What is expected -
Every line of the material below, from the top through the line with "g \<noteq> 0 \<and>", should be reproduced exactly.

=======

definition supp :: "real^'n \<Rightarrow> 'n set" where
  "supp x = {i. x $ i \<noteq> 0}"

definition elementary :: "real^'n^'m \<Rightarrow> real^'n \<Rightarrow> bool" where
  "elementary A g \<longleftrightarrow> g \<in> kerA A \<and> g \<noteq> 0 \<and>
     (\<forall>h. h \<in> kerA A \<and> h \<noteq> 0 \<longrightarrow> \<not> (supp h \<subset> supp g))"

definition kappa :: "real^'n^'m \<Rightarrow> real" where
  "kappa A = Sup {\<bar>g $ i\<bar> / \<bar>g $ j\<bar> | g i j. elementary A g \<and> i \<in> supp g \<and> j \<in> supp g}"

definition sign_compatible :: "real^'n \<Rightarrow> real^'n \<Rightarrow> bool" where
  "sign_compatible x y \<longleftrightarrow> (\<forall>i. 0 \<le> x $ i * y $ i)"

definition conf_le :: "real^'n \<Rightarrow> real^'n \<Rightarrow> bool" where
  "conf_le x y \<longleftrightarrow> sign_compatible x y \<and> (\<forall>i. \<bar>x $ i\<bar> \<le> \<bar>y $ i\<bar>)"

definition conformal_circuit_decomp ::
    "real^'n^'m \<Rightarrow> real^'n \<Rightarrow> nat \<Rightarrow> (nat \<Rightarrow> real^'n) \<Rightarrow> bool" where
  "conformal_circuit_decomp A x k h \<longleftrightarrow>
     x = (\<Sum>j<k. h j) \<and> (\<forall>j<k. elementary A (h j) \<and> conf_le (h j) x)"

definition aug :: "(real^'n) set \<Rightarrow> real^'n \<Rightarrow> real^'n \<Rightarrow> real^'n" where
  "aug P x g = x + (GREATEST \<alpha>. x + \<alpha> *\<^sub>R g \<in> P) *\<^sub>R g"

definition is_basis :: "real^'n^'m \<Rightarrow> 'n set \<Rightarrow> bool" where
  "is_basis A B \<longleftrightarrow> card B = CARD('m) \<and> inj_on (\<lambda>i. column i A) B \<and>
     independent ((\<lambda>i. column i A) ` B)"

text \<open>The basic solution x = (A_B^{-1} b, 0_N): the unique x with A x = b, x_N = 0.\<close>
definition basic_solution :: "real^'n^'m \<Rightarrow> real^'m \<Rightarrow> 'n set \<Rightarrow> real^'n \<Rightarrow> bool" where
  "basic_solution A b B x \<longleftrightarrow> A *v x = b \<and> (\<forall>i. i \<notin> B \<longrightarrow> x $ i = 0)"

definition norm1_on :: "'n set \<Rightarrow> real^'n \<Rightarrow> real" where
  "norm1_on N x = (\<Sum>i\<in>N. \<bar>x $ i\<bar>)"

end

theory Submission
  imports Defs
begin

text \<open>Write \<open>x' = x + \<alpha> g\<close> for one augmentation step and \<open>N = -B\<close>. All parts \<open>h\<close> of the conformal
  decomposition of \<open>x\<^sup>* - x\<close> are nonpositive on \<open>N\<close>, because \<open>x\<^sup>*\<close> vanishes there; hence
  \<open>\<parallel>x\<^sub>N\<parallel>\<^sub>1\<close> is the sum of the \<open>\<parallel>h\<^sub>N\<parallel>\<^sub>1\<close>, which is at most \<open>k \<parallel>g\<^sub>N\<parallel>\<^sub>1\<close> by the choice of \<open>g\<close>.
  Since \<open>g\<^sub>N \<noteq> 0\<close> (a kernel vector supported on the basis is zero), feasibility of \<open>x'\<close> on \<open>N\<close>
  bounds the step length by \<open>\<alpha> \<le> k \<le> n - m\<close>. Moving along \<open>g\<close> with \<open>\<alpha> \<ge> 0\<close> only decreases
  \<open>\<parallel>x\<^sub>N\<parallel>\<^sub>1\<close>, which makes \<open>L\<^sub>t\<close> grow, and on coordinates where \<open>g\<close> is positive it moves
  \<open>x\<^sub>i\<close> at most \<open>n - m\<close> times its distance to \<open>x\<^sup>*\<^sub>i\<close>, which keeps \<open>x\<^sub>i \<le> (n - m) x\<^sup>*\<^sub>i\<close>.
  Finally \<open>\<kappa>\<^sub>A \<ge> 1\<close> is a genuine (finite) supremum, since elementary vectors with equal
  supports are proportional.\<close>

lemma conf_le_componentD:
  assumes "conf_le h y"
  shows "0 \<le> h $ i * y $ i" and "\<bar>h $ i\<bar> \<le> \<bar>y $ i\<bar>"
  using assms by (auto simp: conf_le_def sign_compatible_def)

lemma conf_le_component_nonpos:
  assumes "conf_le h y" and "y $ i \<le> 0"
  shows "h $ i \<le> 0"
  using conf_le_componentD[OF assms(1), of i] assms(2) by (auto simp: zero_le_mult_iff)

lemma conf_le_component_le:
  assumes "conf_le h y" and "0 < h $ i"
  shows "h $ i \<le> y $ i"
  using conf_le_componentD[OF assms(1), of i] assms(2) by (simp add: zero_le_mult_iff)

lemma conf_le_abs_component:
  assumes "conf_le h y"
  shows "\<bar>h $ i\<bar> = sgn (y $ i) * h $ i"
  using conf_le_componentD[OF assms, of i]
  by (auto simp: sgn_if zero_le_mult_iff)

lemma norm1_on_nonneg: "0 \<le> norm1_on N x"
  by (simp add: norm1_on_def sum_nonneg)

lemma norm1_on_conformal_sum:
  assumes y_eq: "y = (\<Sum>j<k. h j)" and conf: "\<And>j. j < k \<Longrightarrow> conf_le (h j) y"
  shows "norm1_on N y = (\<Sum>j<k. norm1_on N (h j))"
proof -
  have "\<bar>y $ i\<bar> = (\<Sum>j<k. \<bar>h j $ i\<bar>)" for i
  proof -
    have "\<bar>y $ i\<bar> = sgn (y $ i) * y $ i"
      by (simp add: abs_sgn mult.commute)
    also have "\<dots> = sgn (y $ i) * (\<Sum>j<k. h j $ i)"
      using y_eq by (simp add: sum_component)
    also have "\<dots> = (\<Sum>j<k. \<bar>h j $ i\<bar>)"
      by (simp add: sum_distrib_left conf_le_abs_component[OF conf])
    finally show ?thesis .
  qed
  then have "norm1_on N y = (\<Sum>i\<in>N. \<Sum>j<k. \<bar>h j $ i\<bar>)"
    by (simp add: norm1_on_def)
  also have "\<dots> = (\<Sum>j<k. norm1_on N (h j))"
    unfolding norm1_on_def by (rule sum.swap)
  finally show ?thesis .
qed

lemma kernel_vector_supported_on_basis_eq_0:
  fixes A :: "real^'n^'m"
  assumes basis: "is_basis A B" and ker: "A *v g = 0" and supp: "\<And>i. i \<notin> B \<Longrightarrow> g $ i = 0"
  shows "g = 0"
proof -
  let ?col = "\<lambda>i. column i A"
  have indep: "independent (?col ` B)" and inj: "inj_on ?col B"
    using basis by (auto simp: is_basis_def)
  define c where "c v = g $ inv_into B ?col v" for v
  have "(\<Sum>v\<in>?col ` B. c v *s v) = (\<Sum>i\<in>B. g $ i *s ?col i)"
    by (simp add: sum.reindex[OF inj] c_def inv_into_f_f[OF inj])
  also have "\<dots> = A *v g"
    unfolding matrix_mult_sum by (rule sum.mono_neutral_left) (auto simp: supp)
  finally have "\<forall>v\<in>?col ` B. c v = 0"
    using indep ker by (simp add: independent_explicit scalar_mult_eq_scaleR)
  then have "g $ i = 0" if "i \<in> B" for i
    using that by (auto simp: c_def inv_into_f_f[OF inj])
  with supp show ?thesis
    by (metis vec_eq_iff zero_index)
qed

lemma polyhedron_std_add_kernel_iff:
  assumes "x \<in> polyhedron_std A b" and "A *v g = 0"
  shows "x + a *\<^sub>R g \<in> polyhedron_std A b \<longleftrightarrow> (\<forall>i. 0 \<le> x $ i + a * g $ i)"
  using assms by (simp add: polyhedron_std_def matrix_vector_right_distrib matrix_vector_mult_scaleR)

lemma aug_polyhedron_std:
  assumes xP: "x \<in> polyhedron_std A b" and ker: "A *v g = 0" and neg: "g $ i0 < 0"
  obtains \<alpha> where "0 \<le> \<alpha>" and "aug (polyhedron_std A b) x g = x + \<alpha> *\<^sub>R g"
    and "x + \<alpha> *\<^sub>R g \<in> polyhedron_std A b"
proof -
  let ?P = "polyhedron_std A b"
  have x_nonneg: "0 \<le> x $ i" for i
    using xP by (simp add: polyhedron_std_def)
  have feasible_iff: "0 \<le> x $ i + a * g $ i \<longleftrightarrow> a \<le> x $ i / - g $ i" if "g $ i < 0" for a i
    using that by (auto simp: field_simps)
  define \<alpha> where "\<alpha> = Min ((\<lambda>i. x $ i / - g $ i) ` {i. g $ i < 0})"
  have \<alpha>_le_iff: "a \<le> \<alpha> \<longleftrightarrow> (\<forall>i. g $ i < 0 \<longrightarrow> a \<le> x $ i / - g $ i)" for a
    unfolding \<alpha>_def using neg by (subst Min_ge_iff) auto
  have "0 \<le> \<alpha>"
    unfolding \<alpha>_le_iff using x_nonneg by (simp add: divide_nonneg_neg less_imp_le)
  have feasible: "x + a *\<^sub>R g \<in> ?P \<longleftrightarrow> (\<forall>i. 0 \<le> x $ i + a * g $ i)" for a
    using xP ker by (rule polyhedron_std_add_kernel_iff)
  have "x + \<alpha> *\<^sub>R g \<in> ?P"
    unfolding feasible
  proof
    fix i
    show "0 \<le> x $ i + \<alpha> * g $ i"
    proof (cases "g $ i < 0")
      case True
      then show ?thesis
        using \<alpha>_le_iff[of \<alpha>] feasible_iff by blast
    next
      case False
      then show ?thesis
        using \<open>0 \<le> \<alpha>\<close> x_nonneg[of i] by simp
    qed
  qed
  moreover have "a \<le> \<alpha>" if "x + a *\<^sub>R g \<in> ?P" for a
    using that feasible feasible_iff \<alpha>_le_iff by blast
  ultimately have "(GREATEST a. x + a *\<^sub>R g \<in> ?P) = \<alpha>"
    by (intro Greatest_equality)
  with \<open>0 \<le> \<alpha>\<close> \<open>x + \<alpha> *\<^sub>R g \<in> ?P\<close> show ?thesis
    by (intro that) (simp_all add: aug_def)
qed

definition circuit_ratios :: "real^'n^'m \<Rightarrow> real set" where
  "circuit_ratios A = {\<bar>g $ i\<bar> / \<bar>g $ j\<bar> | g i j. elementary A g \<and> i \<in> supp g \<and> j \<in> supp g}"

lemma kappa_eq_Sup_circuit_ratios: "kappa A = Sup (circuit_ratios A)"
  by (simp add: kappa_def circuit_ratios_def)

lemma elementary_exists:
  fixes A :: "real^'n^'m"
  assumes "A *v v = 0" and "v \<noteq> 0"
  obtains g where "elementary A g"
proof -
  obtain h where h: "h \<in> kerA A" "h \<noteq> 0"
    and min: "\<And>h'. h' \<in> kerA A \<and> h' \<noteq> 0 \<Longrightarrow> card (supp h) \<le> card (supp h')"
    using ex_has_least_nat[of "\<lambda>h. h \<in> kerA A \<and> h \<noteq> 0" v "\<lambda>h. card (supp h)"] assms
    by (auto simp: kerA_def)
  have "\<not> supp h' \<subset> supp h" if "h' \<in> kerA A \<and> h' \<noteq> 0" for h'
    using min[OF that] psubset_card_mono[of "supp h" "supp h'"] by auto
  with h show ?thesis
    by (intro that) (auto simp: elementary_def)
qed

lemma elementary_supp_eq_imp_scaleR:
  fixes A :: "real^'n^'m"
  assumes g: "elementary A g" and h: "elementary A h" and supp_eq: "supp g = supp h"
  obtains c where "c \<noteq> 0" and "h = c *\<^sub>R g"
proof -
  obtain j where j: "g $ j \<noteq> 0"
    using g by (metis elementary_def vec_eq_iff zero_index)
  define c where "c = h $ j / g $ j"
  define r where "r = h - c *\<^sub>R g"
  have "r \<in> kerA A"
    using g h by (simp add: r_def elementary_def kerA_def matrix_vector_mult_diff_distrib
        matrix_vector_mult_scaleR)
  moreover have "supp r \<subset> supp g"
  proof
    show "supp r \<subseteq> supp g"
    proof
      fix i assume "i \<in> supp r"
      then have "i \<in> supp g \<union> supp h"
        by (auto simp: supp_def r_def)
      then show "i \<in> supp g"
        using supp_eq by simp
    qed
    have "j \<notin> supp r"
      using j by (simp add: supp_def r_def c_def)
    moreover have "j \<in> supp g"
      using j by (simp add: supp_def)
    ultimately show "supp r \<noteq> supp g"
      by blast
  qed
  ultimately have "r = 0"
    using g unfolding elementary_def by blast
  then have "h = c *\<^sub>R g"
    by (simp add: r_def)
  moreover have "c \<noteq> 0"
    using h calculation by (auto simp: elementary_def)
  ultimately show ?thesis
    using that by blast
qed

lemma finite_circuit_ratios: "finite (circuit_ratios A)"
proof -
  define rep where "rep S = (SOME g. elementary A g \<and> supp g = S)" for S
  have "circuit_ratios A \<subseteq> (\<lambda>(S, i, j). \<bar>rep S $ i\<bar> / \<bar>rep S $ j\<bar>) ` UNIV"
  proof
    fix r assume "r \<in> circuit_ratios A"
    then obtain h i j where r: "r = \<bar>h $ i\<bar> / \<bar>h $ j\<bar>" and h: "elementary A h"
      unfolding circuit_ratios_def by blast
    define g where "g = rep (supp h)"
    have "elementary A g \<and> supp g = supp h"
      unfolding g_def rep_def by (rule someI[of _ h]) (simp add: h)
    then obtain c where "c \<noteq> 0" and "h = c *\<^sub>R g"
      using elementary_supp_eq_imp_scaleR[of A g h] h by metis
    then have "r = \<bar>g $ i\<bar> / \<bar>g $ j\<bar>"
      by (simp add: r abs_mult)
    then show "r \<in> (\<lambda>(S, i, j). \<bar>rep S $ i\<bar> / \<bar>rep S $ j\<bar>) ` UNIV"
      unfolding g_def by (intro image_eqI[of _ _ "(supp h, i, j)"]) simp_all
  qed
  then show ?thesis
    by (rule finite_subset) simp
qed

lemma one_le_kappa:
  fixes A :: "real^'n^'m"
  assumes "A *v v = 0" and "v \<noteq> 0"
  shows "1 \<le> kappa A"
proof -
  obtain g where g: "elementary A g"
    using elementary_exists[OF assms] .
  then obtain i where "g $ i \<noteq> 0"
    by (metis elementary_def vec_eq_iff zero_index)
  with g have "1 \<in> circuit_ratios A"
    unfolding circuit_ratios_def supp_def by force
  then show ?thesis
    unfolding kappa_eq_Sup_circuit_ratios
    by (simp add: cSup_upper bdd_above_finite finite_circuit_ratios)
qed

lemma conformal_part_nonpos_off_basis:
  assumes "basic_solution A b B xstar" and "x \<in> polyhedron_std A b"
    and "conf_le g (xstar - x)" and "i \<notin> B"
  shows "g $ i \<le> 0"
  using assms by (intro conf_le_component_nonpos[of g "xstar - x"])
    (auto simp: basic_solution_def polyhedron_std_def)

=======

Written solution -
definition supp :: "real^'n \<Rightarrow> 'n set" where
  "supp x = {i. x $ i \<noteq> 0}"

definition elementary :: "real^'n^'m \<Rightarrow> real^'n \<Rightarrow> bool" where
  "elementary A g \<longleftrightarrow> g \<in> kerA A \<and> g \<noteq> 0 \<and>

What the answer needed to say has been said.